A flex circuit is an electrical circuit with additional insulation layers between the conductor and outer sheath. This means that it can bend without breaking or shorting out, either electrically or mechanically.
FAQs
Which material is present in flexible PCB?
Flexible PCBs use layered material. The most important layers are:
1. Protective layer
2. Conductive layer
3. Conductive Injector/layering material (at least one layer of this is required)
Various materials are available in the market to use in making flexible PCBs. They include Polyimide film, Glass Epoxy, Teflon film, Polyester film, and others like paper and glass fiber. However, the most popular materials used in making flexible PCBs are Polyimide film and Glass Epoxy materials.

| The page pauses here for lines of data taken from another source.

(* Let $X\times G\to X$ be a Bourbaki-proper continuous right action of a locally compact Hausdorff group on a Hausdorff space, with quotient map $\pi\colon X\to X/G$, and let $F\subseteq X$ be a closed subset such that the action is $F$-proper. If $F$ is paracompact, then so is $\pi(F)$.
   Context: For $A,B\subseteq X$ set $\langle A:B\rangle:=\{g\in G: Bg\cap A\neq\emptyset\}$ and write $A\perp B$ if it is relatively compact in $G$. The action is Bourbaki-proper if for all $x,x'\in X$ there are neighborhoods $V_x\ni x$, $V_{x'}\ni x'$ with $V_{x'}\perp V_x$. For closed $F$, it is $F$-proper if for every $x\in X$ there are neighborhoods $V_x\ni x$ and $V_F\supseteq F$ with $V_F\perp V_x$. *)

theory Defs
  imports "HOL-Analysis.Analysis"
begin

text \<open>Paracompactness of an (abstract) topological space: every open cover has a
  locally finite open refinement (no separation axiom built in).\<close>
definition paracompact_space :: "'a topology \<Rightarrow> bool" where
  "paracompact_space T \<longleftrightarrow>
     (\<forall>\<U>. (\<forall>U\<in>\<U>. openin T U) \<and> topspace T \<subseteq> \<Union>\<U> \<longrightarrow>
        (\<exists>\<V>. (\<forall>V\<in>\<V>. openin T V) \<and> topspace T \<subseteq> \<Union>\<V> \<and>
              (\<forall>V\<in>\<V>. \<exists>U\<in>\<U>. V \<subseteq> U) \<and> locally_finite_in T \<V>))"

text \<open>Continuous right action of a topological group (written additively,
  not necessarily commutative) on a space: x.0 = x, (x.g).h = x.(g+h).\<close>
definition cont_right_action :: "('x::topological_space \<Rightarrow> 'g::topological_group_add \<Rightarrow> 'x) \<Rightarrow> bool" where
  "cont_right_action act \<longleftrightarrow>
     (\<forall>x. act x 0 = x) \<and> (\<forall>x g h. act (act x g) h = act x (g + h)) \<and>
     continuous_on UNIV (\<lambda>(x, g). act x g)"
(* Let $k\ge2$, $C>0$, $\lambda_1,\dots,\lambda_k\in(0,1)$ with $\sum_i\lambda_i=1$, and let $V_1,\dots,V_k$ be measurable functions on $\mathbb{R}^n$ with $e^{-V_i}$ integrable, satisfying $$\sum_{i=1}^k\lambda_iV_i(x_i)\ge C\sum_{1\le i<j\le k}\lambda_i\lambda_j\langle x_i,x_j\rangle\quad\text{for all }x_1,\dots,x_k\in\mathbb{R}^n .$$ Let $(\lambda_1U_1,\dots,\lambda_kU_k)$ be a solution to the dual multimarginal problem with marginals $\mu_i=\frac{e^{-V_i}dx_i}{\int e^{-V_i}dx_i}$ and cost $c(x_1,\dots,x_k)=C\sum_{1\le i<j\le k}\lambda_i\lambda_j\langle x_i,x_j\rangle$. Then $$\prod_{i=1}^k\Bigl(\int e^{-V_i}dx_i\Bigr)^{\lambda_i}\le\prod_{i=1}^k\Bigl(\int e^{-U_i}dx_i\Bigr)^{\lambda_i}.$$
   Context: The multimarginal Kantorovich maximization problem with marginals $\mu_1,\dots,\mu_k$ and cost $c$ is to maximize $\int c\,dP$ over probability measures $P$ on $(\mathbb{R}^n)^k$ with marginals $\mu_1,\dots,\mu_k$. Its dual problem is to minimize $\sum_{i=1}^k\int w_i\,d\mu_i$ over tuples $(w_1,\dots,w_k)$ of functions with $\sum_{i=1}^kw_i(x_i)\ge c(x_1,\dots,x_k)$ for all $x_1,\dots,x_k$; a solution is a minimizing tuple (at which equality $\sum_iw_i(x_i)=c(x_1,\dots,x_k)$ holds almost everywhere with respect to an optimal plan $P$). *)

theory Defs
  imports "HOL-Analysis.Analysis"
begin

definition mm_cost :: "nat \<Rightarrow> real \<Rightarrow> (nat \<Rightarrow> real) \<Rightarrow> (nat \<Rightarrow> 'a::real_inner) \<Rightarrow> real" where
  "mm_cost k C lam x = C * (\<Sum>i<k. \<Sum>j\<in>{i<..<k}. lam i * lam j * inner (x i) (x j))"

definition gibbs_measure :: "('a::euclidean_space \<Rightarrow> real) \<Rightarrow> 'a measure" where
  "gibbs_measure V = density lborel
     (\<lambda>x. ennreal (exp (- V x) / (\<integral>y. exp (- V y) \<partial>lborel)))"

definition dual_admissible ::
  "nat \<Rightarrow> (nat \<Rightarrow> 'a measure) \<Rightarrow> ((nat \<Rightarrow> 'a) \<Rightarrow> real) \<Rightarrow> (nat \<Rightarrow> 'a \<Rightarrow> real) \<Rightarrow> bool" where
  "dual_admissible k \<mu> c w \<longleftrightarrow>
     (\<forall>i<k. integrable (\<mu> i) (w i)) \<and> (\<forall>x. c x \<le> (\<Sum>i<k. w i (x i)))"

definition dual_value :: "nat \<Rightarrow> (nat \<Rightarrow> 'a measure) \<Rightarrow> (nat \<Rightarrow> 'a \<Rightarrow> real) \<Rightarrow> real" where
  "dual_value k \<mu> w = (\<Sum>i<k. \<integral>x. w i x \<partial>(\<mu> i))"

definition dual_solution ::
  "nat \<Rightarrow> (nat \<Rightarrow> 'a measure) \<Rightarrow> ((nat \<Rightarrow> 'a) \<Rightarrow> real) \<Rightarrow> (nat \<Rightarrow> 'a \<Rightarrow> real) \<Rightarrow> bool" where
  "dual_solution k \<mu> c w \<longleftrightarrow> dual_admissible k \<mu> c w \<and>
     (\<forall>w'. dual_admissible k \<mu> c w' \<longrightarrow> dual_value k \<mu> w \<le> dual_value k \<mu> w')"

end

theory Submission
  imports Defs "HOL-Probability.Probability"
begin

(* The cost is affine in each x_i separately; testing the cost inequality at points whose other
   coordinates all equal a suitable u shows that each V_i lies above every linear functional up
   to a constant.  Such V_i are integrable against their own Gibbs measure mu_i, hence (lam_i V_i) is
   an admissible dual tuple and optimality of (lam_i U_i) gives sum_i lam_i a_i >= 0 with
   a_i = int (V_i - U_i) dmu_i.  Jensen's inequality for exp under mu_i gives
   int e^(-U_i) = Z_i int e^(V_i - U_i) dmu_i >= Z_i e^(a_i), where Z_i = int e^(-V_i), and the
   lam-weighted geometric mean of these bounds is the claim. *)

lemma sum_lessThan_Suc_upper_pairs:
  fixes f :: "nat \<Rightarrow> nat \<Rightarrow> 'b::comm_monoid_add"
  shows "(\<Sum>i<Suc k. \<Sum>j\<in>{i<..<Suc k}. f i j) = (\<Sum>i<k. \<Sum>j\<in>{i<..<k}. f i j) + (\<Sum>i<k. f i k)"
proof -
  have "{i<..<Suc k} = insert k {i<..<k}" if "i < k" for i
    using that by auto
  then have "(\<Sum>i<k. \<Sum>j\<in>{i<..<Suc k}. f i j) = (\<Sum>i<k. (\<Sum>j\<in>{i<..<k}. f i j) + f i k)"
    by (intro sum.cong) (auto simp: add.commute)
  moreover have "{k<..<Suc k} = {}"
    by auto
  ultimately show ?thesis
    by (simp add: sum.distrib)
qed

lemma two_mult_sum_pairs_inner:
  fixes x :: "nat \<Rightarrow> 'a::real_inner" and lam :: "nat \<Rightarrow> real"
  shows "2 * (\<Sum>i<k. \<Sum>j\<in>{i<..<k}. lam i * lam j * inner (x i) (x j))
    = inner (\<Sum>i<k. lam i *\<^sub>R x i) (\<Sum>i<k. lam i *\<^sub>R x i) - (\<Sum>i<k. (lam i)\<^sup>2 * inner (x i) (x i))"
proof (induction k)
  case (Suc k)
  have "inner (\<Sum>i<k. lam i *\<^sub>R x i) (x k) = (\<Sum>i<k. lam i * inner (x i) (x k))"
    by (simp add: inner_sum_left)
  with Suc show ?case
    unfolding sum_lessThan_Suc_upper_pairs
    by (simp add: algebra_simps inner_commute sum_distrib_left power2_eq_square)
qed simp

lemma mm_cost_fun_upd:
  fixes x :: "nat \<Rightarrow> 'a::real_inner"
  assumes "i < k"
  shows "mm_cost k C lam (x(i := y))
    = C * lam i * inner y (\<Sum>j\<in>{..<k} - {i}. lam j *\<^sub>R x j) + mm_cost k C lam (x(i := 0))"
proof -
  define s where "s = (\<Sum>j\<in>{..<k} - {i}. lam j *\<^sub>R x j)"
  define r where "r = (\<Sum>j\<in>{..<k} - {i}. (lam j)\<^sup>2 * inner (x j) (x j))"
  have fin: "finite {..<k}" and i: "i \<in> {..<k}"
    using assms by auto
  have "2 * mm_cost k C lam (x(i := z))
      = C * (inner (lam i *\<^sub>R z + s) (lam i *\<^sub>R z + s) - ((lam i)\<^sup>2 * inner z z + r))" for z
  proof -
    have "(\<Sum>j<k. lam j *\<^sub>R (x(i := z)) j) = lam i *\<^sub>R z + s"
      unfolding sum.remove[OF fin i] s_def by (auto intro!: sum.cong)
    moreover have "(\<Sum>j<k. (lam j)\<^sup>2 * inner ((x(i := z)) j) ((x(i := z)) j)) = (lam i)\<^sup>2 * inner z z + r"
      unfolding sum.remove[OF fin i] r_def by (auto intro!: sum.cong)
    ultimately show ?thesis
      using two_mult_sum_pairs_inner[of lam "x(i := z)" k] by (simp add: mm_cost_def)
  qed
  from this[of y] this[of 0] show ?thesis
    unfolding s_def by (simp add: algebra_simps inner_commute power2_eq_square)
qed

definition superlinear :: "('a::real_inner \<Rightarrow> real) \<Rightarrow> bool" where
  "superlinear V \<longleftrightarrow> (\<forall>w. \<exists>K. \<forall>y. inner y w - K \<le> V y)"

Polyimide (PI) film is a quite popular material for flexible PCBs, particularly when using a solvent-based process. It is relatively expensive, but it has good electrical properties and mechanical stability. It also needs less time to dry out during the manufacturing process compared to other materials.
Glass epoxy is a cheap and easily available material that is also very flexible. The actual problem with using glass epoxy is that it has poor mechanical properties, so it is not good in flex circuits.
What is Coverlay FPC?
Coverlay is a material important for surface protection of the PCB. It provides protection against scratches, UV radiation, and the aging or discoloration of the board. In addition, it is washable and easy to remove.
We also refer to Coverlay as ‘photo-etched polyester film’ or ‘Flexible Printed Circuit Board Protective Film.’ The main purpose of using this material is to protect the flexible PCB from scratches, contamination, etc. However, it is useful in many other applications like in manufacturing food products to protect them from water, oil, and other contaminants.
How thick is a flex circuit?
You can make flex circuits in various thicknesses, depending on the application. Higher the thickness, lower the flexibility of the product. The most common thickness is 0.2 mm to 0.5 mm.
Final Thoughts
Flexible PCBs are the future of Electronics. These boards allow better bonding and adhesion between components, thereby improving the performance of your product. The flexible PCBs are a great solution for most small form factor devices. Flexible PCBs are a great alternative in many applications that need flexibility plus durability. These types of circuits are almost as thin as paper. You can easily put them into small spaces like notebooks, smartphones, and more (depending on how big they are). We hope this article covered everything about Flex PCB manufacturing; if you have any queries, feel free to drop us an email.